DESCRIPTION OF THE DRAWINGS
[0012] It will be appreciated by those of ordinary skill in the art
that the elements depicted in the various drawings are not
necessarily to scale, but are for illustrative purposes only. The
nature of the present invention, as well as other embodiments of
the present invention may be more clearly understood by reference
to the following detailed description of the invention, to the
appended claims, and to the several drawings attached hereto.
[0013] It will be appreciated by those of ordinary skill in the art
that the elements depicted in the various drawings are not
necessarily to scale, but are for illustrative purposes only. The
nature of the present invention, as well as other embodiments of
the present invention may be more clearly understood by reference
to the following detailed description of the invention, to the
appended claims, and to the several drawings attached hereto.
[0014] FIG. 1 is a diagram of the shape memory of Nitinol
components.
[0015] FIG. 2 is a diagram of a loading/unloading curve for
Nitinol.
[0016] FIG. 3 is a side view of an illustrative embodiment of a
single-level spine rod including markings for identification and
placement, which is manufactured in accordance with the principles
of the present invention.
[0017] FIG. 4A is a side view of a second illustrative model of a
single-level spine rod, manufactured in accordance with the
principles of the present invention, in a relaxed or neutral
state.
[0018] FIG. 4B is a side view of single-level spine rod of FIG. 4A
in a flexed state.
[0019] FIG. 5 depicts a sectional side view of a single-level spine
rod manufactured in accordance with the principles of the present
invention retained in the connection channel of a poly-axial bone
screw that may be used with embodiments in accordance with the
present invention.
DETAILED DESCRIPTION
[0020] For the purposes of promoting an understanding of the
principles of the invention, reference will now be made to the
embodiments illustrated in the drawings and specific language will
be used to describe the same. It will nevertheless be understood
that no limitation of the scope of the invention is thereby
intended, such alterations and further modifications in the
illustrated device, and such further applications of the principles
of the invention as illustrated therein being contemplated as would
normally occur to one skilled in the art to which the invention
relates.
[0021] Dynamic stabilization of damaged or diseased spinal segments
has long been desired. However, until recently, the technology has
yet been underdeveloped. Numerous techniques and devices have been
developed with varying degrees success. These dynamic stabilization
applications include, but are not limited to, flexible rod systems,
Interspinous Process Decompression devices and artificial disks.

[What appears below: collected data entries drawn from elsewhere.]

(* SOME picks an arbitrary spanning vector; the value does not depend on the choice because
   sgn z ^ 2 is invariant under real scaling of z. *)
definition line_code :: "(real^2) set \<Rightarrow> complex" where
  "line_code L = sgn (complex_of_vec (SOME u. u \<in> L \<and> u \<noteq> 0)) ^ 2"

lemma line_code_span:
  assumes "u \<noteq> 0"
  shows "line_code (span {u}) = sgn (complex_of_vec u) ^ 2"
proof -
  define w where "w = (SOME w. w \<in> span {u} \<and> w \<noteq> 0)"
  have "\<exists>w. w \<in> span {u} \<and> w \<noteq> 0"
    using assms span_base by blast
  then have "w \<in> span {u}" "w \<noteq> 0"
    unfolding w_def by (metis (mono_tags, lifting) someI_ex)+
  then obtain c where "c \<noteq> 0" "w = c *\<^sub>R u"
    by (auto simp: span_singleton)
  then show ?thesis
    by (simp add: line_code_def w_def[symmetric] complex_of_vec_scaleR sgn_power2_of_real_mult)
qed

lemma line_eq_span_frame_vec_iff:
  "is_line L \<Longrightarrow> L = span {frame_vec t} \<longleftrightarrow> line_code L = cis (2 * t)"
  unfolding is_line_def by (metis line_code_span span_eq_span_frame_vec_iff)

lemma norm_line_code: "is_line L \<Longrightarrow> norm (line_code L) = 1"
  by (auto simp: is_line_def line_code_span norm_power norm_sgn)

lemma csqrt_conj_equation: "\<beta> * cnj (csqrt \<beta>) = of_real (cmod \<beta>) * csqrt \<beta>"
proof -
  have "\<beta> * cnj (csqrt \<beta>) = csqrt \<beta> * (csqrt \<beta> * cnj (csqrt \<beta>))"
    by (metis power2_csqrt power2_eq_square mult.assoc)
  also have "csqrt \<beta> * cnj (csqrt \<beta>) = of_real (cmod \<beta>)"
    by (simp flip: complex_norm_square)
  finally show ?thesis
    by (simp add: mult.commute)
qed

lemma conj_equation_solvable_iff:
  "(\<exists>z. z \<noteq> 0 \<and> \<beta> * cnj z = of_real s * z) \<longleftrightarrow> \<bar>s\<bar> = cmod \<beta>"
proof
  assume "\<exists>z. z \<noteq> 0 \<and> \<beta> * cnj z = of_real s * z"
  then obtain z where "z \<noteq> 0" "\<beta> * cnj z = of_real s * z"
    by blast
  then have "cmod \<beta> * cmod z = \<bar>s\<bar> * cmod z"
    by (metis complex_mod_cnj norm_mult norm_of_real)
  with \<open>z \<noteq> 0\<close> show "\<bar>s\<bar> = cmod \<beta>"
    by simp
next
  assume s: "\<bar>s\<bar> = cmod \<beta>"
  show "\<exists>z. z \<noteq> 0 \<and> \<beta> * cnj z = of_real s * z"
  proof (cases "\<beta> = 0")
    case True
    with s show ?thesis
      by (intro exI[of _ 1]) simp
  next
    case False
    then have "csqrt \<beta> \<noteq> 0"
      by simp
    from s consider "s = cmod \<beta>" | "s = - cmod \<beta>"
      by linarith
    then show ?thesis
    proof cases
      case 1
      with \<open>csqrt \<beta> \<noteq> 0\<close> show ?thesis
        using csqrt_conj_equation by blast
    next
      case 2
      with \<open>csqrt \<beta> \<noteq> 0\<close> show ?thesis
        by (intro exI[of _ "\<i> * csqrt \<beta>"]) (simp add: csqrt_conj_equation algebra_simps)
    qed
  qed
qed

lemma conj_equation_solutions:
  assumes "\<beta> \<noteq> 0"
  shows "\<beta> * cnj z = of_real (cmod \<beta>) * z \<longleftrightarrow> (\<exists>t. z = of_real t * csqrt \<beta>)"
proof
  define w where "w = csqrt \<beta>"
  have "w \<noteq> 0"
    using assms by (simp add: w_def)
  have "\<beta> = w * w"
    using power2_csqrt[of \<beta>] by (simp add: w_def power2_eq_square)
  have "of_real (cmod \<beta>) = w * cnj w"
    by (simp add: w_def flip: complex_norm_square)
  assume "\<beta> * cnj z = of_real (cmod \<beta>) * z"
  then have "w * (w * cnj z) = w * (cnj w * z)"
    unfolding \<open>of_real (cmod \<beta>) = w * cnj w\<close> by (simp only: \<open>\<beta> = w * w\<close> mult.assoc)
  then have "cnj (z * cnj w) = z * cnj w"
    using \<open>w \<noteq> 0\<close> by (simp add: mult.commute)
  then have "z * cnj w = of_real (Re (z * cnj w))"
    by (metis Reals_cnj_iff complex_is_Real_iff of_real_Re)
  then have "z * of_real (cmod w ^ 2) = of_real (Re (z * cnj w)) * w"
    by (metis complex_norm_square mult.assoc mult.commute)
  with \<open>w \<noteq> 0\<close> have "z = of_real (Re (z * cnj w) / cmod w ^ 2) * w"
    by (simp add: field_simps)
  then show "\<exists>t. z = of_real t * csqrt \<beta>"
    unfolding w_def by blast
next
  assume "\<exists>t. z = of_real t * csqrt \<beta>"
  then show "\<beta> * cnj z = of_real (cmod \<beta>) * z"
    using csqrt_conj_equation[of \<beta>] by (auto simp: algebra_simps)
qed

lemma sgn_csqrt_power2: "sgn (csqrt z) ^ 2 = sgn z"
  by (metis power2_csqrt power2_eq_square sgn_mult)

definition deviator :: "real^2^2 \<Rightarrow> complex" where
  "deviator M = Complex ((M$1$1 - M$2$2) / 2) (M$1$2)"

lemma continuous_on_deviator [continuous_intros]:
  "continuous_on S A \<Longrightarrow> continuous_on S (\<lambda>x. deviator (A x))"
  unfolding deviator_def Complex_eq by (intro continuous_intros) auto

lemma complex_of_vec_symmetric_mult:
  fixes M :: "real^2^2"
  assumes "transpose M = M"
  shows "complex_of_vec (M *v v) =
    of_real (trace M / 2) * complex_of_vec v + deviator M * cnj (complex_of_vec v)"
proof -
  have "transpose M $ 1 $ 2 = M $ 2 $ 1"
    by (simp add: transpose_def)
  with assms have "M$2$1 = M$1$2"
    by simp
  moreover have "trace M = M$1$1 + M$2$2"
    by (simp add: trace_def sum_2)
  ultimately show ?thesis
    by (simp add: complex_eq_iff complex_of_vec_def deviator_def matrix_vector_mult_def sum_2)
      (simp add: field_simps)
qed

lemma complex_of_vec_traceless_mult:
  fixes M :: "real^2^2"
  assumes "transpose M = M"
  shows "complex_of_vec ((M - (trace M / 2) *\<^sub>R mat 1) *v v) = deviator M * cnj (complex_of_vec v)"
  by (simp add: matrix_vector_mult_diff_rdistrib complex_of_vec_diff complex_of_vec_scaleR
      complex_of_vec_symmetric_mult[OF assms] flip: scaleR_matrix_vector_assoc)

lemma symmetric_eigen_iff:
  fixes M :: "real^2^2"
  assumes "transpose M = M"
  shows "M *v v = c *\<^sub>R v \<longleftrightarrow>
    deviator M * cnj (complex_of_vec v) = of_real (c - trace M / 2) * complex_of_vec v"
proof -
  have "M *v v = c *\<^sub>R v \<longleftrightarrow> complex_of_vec (M *v v) = complex_of_vec (c *\<^sub>R v)"
    by (simp add: complex_of_vec_eq_iff)
  also have "\<dots> \<longleftrightarrow> deviator M * cnj (complex_of_vec v) = of_real (c - trace M / 2) * complex_of_vec v"
    by (simp add: complex_of_vec_symmetric_mult[OF assms] complex_of_vec_scaleR of_real_diff
        left_diff_distrib eq_diff_eq add.commute)
  finally show ?thesis .
qed

lemma eigenvalues_of_symmetric:
  fixes M :: "real^2^2"
  assumes "transpose M = M"
  shows "eigenvalues_of M = {trace M / 2 + cmod (deviator M), trace M / 2 - cmod (deviator M)}"
proof -
  have "c \<in> eigenvalues_of M \<longleftrightarrow>
      c = trace M / 2 + cmod (deviator M) \<or> c = trace M / 2 - cmod (deviator M)" for c
  proof -
    have "c \<in> eigenvalues_of M \<longleftrightarrow> (\<exists>v. v \<noteq> 0 \<and>
        deviator M * cnj (complex_of_vec v) = of_real (c - trace M / 2) * complex_of_vec v)"
      by (simp add: eigenvalues_of_def symmetric_eigen_iff[OF assms])
    also have "\<dots> \<longleftrightarrow> (\<exists>z. z \<noteq> 0 \<and> deviator M * cnj z = of_real (c - trace M / 2) * z)"
      by (metis complex_of_vec_eq_0_iff complex_of_vec_of_complex)
    also have "\<dots> \<longleftrightarrow> \<bar>c - trace M / 2\<bar> = cmod (deviator M)"
      by (rule conj_equation_solvable_iff)
    also have "\<dots> \<longleftrightarrow> c = trace M / 2 + cmod (deviator M) \<or> c = trace M / 2 - cmod (deviator M)"
      using norm_ge_zero[of "deviator M"] by arith
    finally show ?thesis .
  qed
  then show ?thesis
    by blast
qed

lemma top_eigenspace_symmetric:
  fixes M :: "real^2^2"
  assumes "transpose M = M" and "card (eigenvalues_of M) = 2"
  shows "deviator M \<noteq> 0"
    and "{v. M *v v = Max (eigenvalues_of M) *\<^sub>R v} = span {vec_of_complex (csqrt (deviator M))}"
proof -
  note eig = eigenvalues_of_symmetric[OF assms(1)]
  show "deviator M \<noteq> 0"
    using assms(2) by (auto simp: eig)
  then have "Max (eigenvalues_of M) = trace M / 2 + cmod (deviator M)"
    by (simp add: eig max_def)
  then have "{v. M *v v = Max (eigenvalues_of M) *\<^sub>R v} =
      {v. deviator M * cnj (complex_of_vec v) = of_real (cmod (deviator M)) * complex_of_vec v}"
    by (simp add: symmetric_eigen_iff[OF assms(1)])
  also have "\<dots> = {v. \<exists>t. complex_of_vec v = of_real t * csqrt (deviator M)}"
    using conj_equation_solutions[OF \<open>deviator M \<noteq> 0\<close>] by simp
  also have "\<dots> = span {vec_of_complex (csqrt (deviator M))}"
    by (auto simp: span_singleton complex_of_vec_eq_iff[symmetric] complex_of_vec_scaleR)
  finally show "{v. M *v v = Max (eigenvalues_of M) *\<^sub>R v} = span {vec_of_complex (csqrt (deviator M))}" .
qed

lemma eigen_line_symmetric:
  fixes M :: "real^2^2"
  assumes "transpose M = M" and "card (eigenvalues_of M) = 2"
  shows "is_line {v. M *v v = Max (eigenvalues_of M) *\<^sub>R v}"
    and "line_code {v. M *v v = Max (eigenvalues_of M) *\<^sub>R v} = sgn (deviator M)"
proof -
  have "vec_of_complex (csqrt (deviator M)) \<noteq> 0"
    using top_eigenspace_symmetric(1)[OF assms]
    by (metis complex_of_vec_eq_0_iff complex_of_vec_of_complex csqrt_eq_0)
  then show "is_line {v. M *v v = Max (eigenvalues_of M) *\<^sub>R v}"
    and "line_code {v. M *v v = Max (eigenvalues_of M) *\<^sub>R v} = sgn (deviator M)"
    by (auto simp: top_eigenspace_symmetric(2)[OF assms] is_line_def line_code_span sgn_csqrt_power2)
qed

lemma traceless_image_line:
  fixes M :: "real^2^2"
  assumes "transpose M = M" and "deviator M \<noteq> 0" and "is_line L"
  shows "is_line ((\<lambda>v. (M - (trace M / 2) *\<^sub>R mat 1) *v v) ` L)"
    and "line_code ((\<lambda>v. (M - (trace M / 2) *\<^sub>R mat 1) *v v) ` L) =
      sgn (deviator M) ^ 2 * cnj (line_code L)"
proof -
  define B where "B = M - (trace M / 2) *\<^sub>R mat 1"
  obtain u where "u \<noteq> 0" "L = span {u}"
    using assms(3) is_line_def by blast
  then have image: "(\<lambda>v. B *v v) ` L = span {B *v u}"
    using span_linear_image[OF matrix_vector_mul_linear, of B "{u}"] by simp
  have Bu: "complex_of_vec (B *v u) = deviator M * cnj (complex_of_vec u)"
    unfolding B_def by (rule complex_of_vec_traceless_mult[OF assms(1)])
  have "complex_of_vec (B *v u) \<noteq> 0"
    using assms(2) \<open>u \<noteq> 0\<close> by (simp add: Bu)
  then have "B *v u \<noteq> 0"
    by simp
  then show "is_line ((\<lambda>v. (M - (trace M / 2) *\<^sub>R mat 1) *v v) ` L)"
    unfolding B_def[symmetric] image is_line_def by blast
  have "line_code (span {B *v u}) = sgn (deviator M) ^ 2 * cnj (line_code (span {u}))"
    using \<open>B *v u \<noteq> 0\<close> \<open>u \<noteq> 0\<close>
    by (simp add: line_code_span Bu sgn_mult sgn_cnj power_mult_distrib)
  then show "line_code ((\<lambda>v. (M - (trace M / 2) *\<^sub>R mat 1) *v v) ` L) =
      sgn (deviator M) ^ 2 * cnj (line_code L)"
    unfolding B_def[symmetric] image by (simp only: \<open>L = span {u}\<close>)
qed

These different systems are successful in some aspects and failures
in others as well as being indicated for a wide variety of uses;
however, no device is all inclusive for all indications.
[0022] Some of the failures can be attributed to the devices'
material of manufacture. By nature, dynamic stabilization requires
movement in the device. These devices utilize relatively static
materials for construction, therefore lacking inherent dynamic
material qualities.
[0023] Apparatus systems in accordance with the present invention
utilize rods constructed of Nitinol in conjunction with various
pedicle screw, lamina hook, or pedicle hook based spinal fusion or
dynamic stabilization vertebral implants.
[0024] Nitinol-based products have been on the market since the
late 1960's. Nitinol possesses thermal shape memory behavior.
Chilling a Nitinol component converts the Austenite structure of
the Nitinol to a Martensite structure, becoming very malleable.
Where the chilled component is then heated, the Martensite
structure of the Nitinol returns to an Austenite structure and,
thus, reverts the component to its original shape, as illustrated
in the diagram shown in FIG. 1. Thus, in the medical device
industry, Nitinol has been used for reusable medical instruments.
Surgeons can shape an instrument on site to fit a patient's
geometry, then after heat sterilization the device returns to its
original shape for the next procedure.
[0025] In certain embodiments of the present invention, the unique
thermal shape memory behavior of Nitinol may be utilized in the
installation of the device. Where an embodiment in accordance with
the present invention is used as a stand-alone device, that is to
say, utilized without additional screw or hook attachment means,
such a device may be chilled in saline, which converts the
Austenite structure of the Nitinol to a Martensite structure,
becoming very malleable. The surgeon then has the ability to deform
the incorporated "hooks" of the device allowing easy installation
at a lamina location or a pedicle location. Once installed, the
surgeon may then flood the rod component with heated saline which
converts the Martensite structure of the Nitinol to an Austenite
structure and, thus, reverts the device to its original shape. This
type of installation can be used where the embodiments in
accordance with the present invention are formed of superelastic
Nitinol. For such embodiments, chilling the device in a delivery
system may keep the device in the soft martensite phase in a lower
force state. After deployment, as the device warms to its new
surroundings, it may recover its "programmed" shape and become
superelastic.
[0026] Nitinol has an increased elasticity compared to stainless
steel, allowing it to be bent more significantly than stainless
steel without taking a set. Nitinol's elasticity or "springback" is
some 10 times greater than stainless steel. Where embodiments in
accordance with the present invention are formed of superelastic
Nitinol, this unique property may be utilized to allow the
embodiments, once installed, to be flexible without yielding under
the stresses of the application. Superelastic Nitinol has an
unloading curve that stays flat over large strains, thus, i.e.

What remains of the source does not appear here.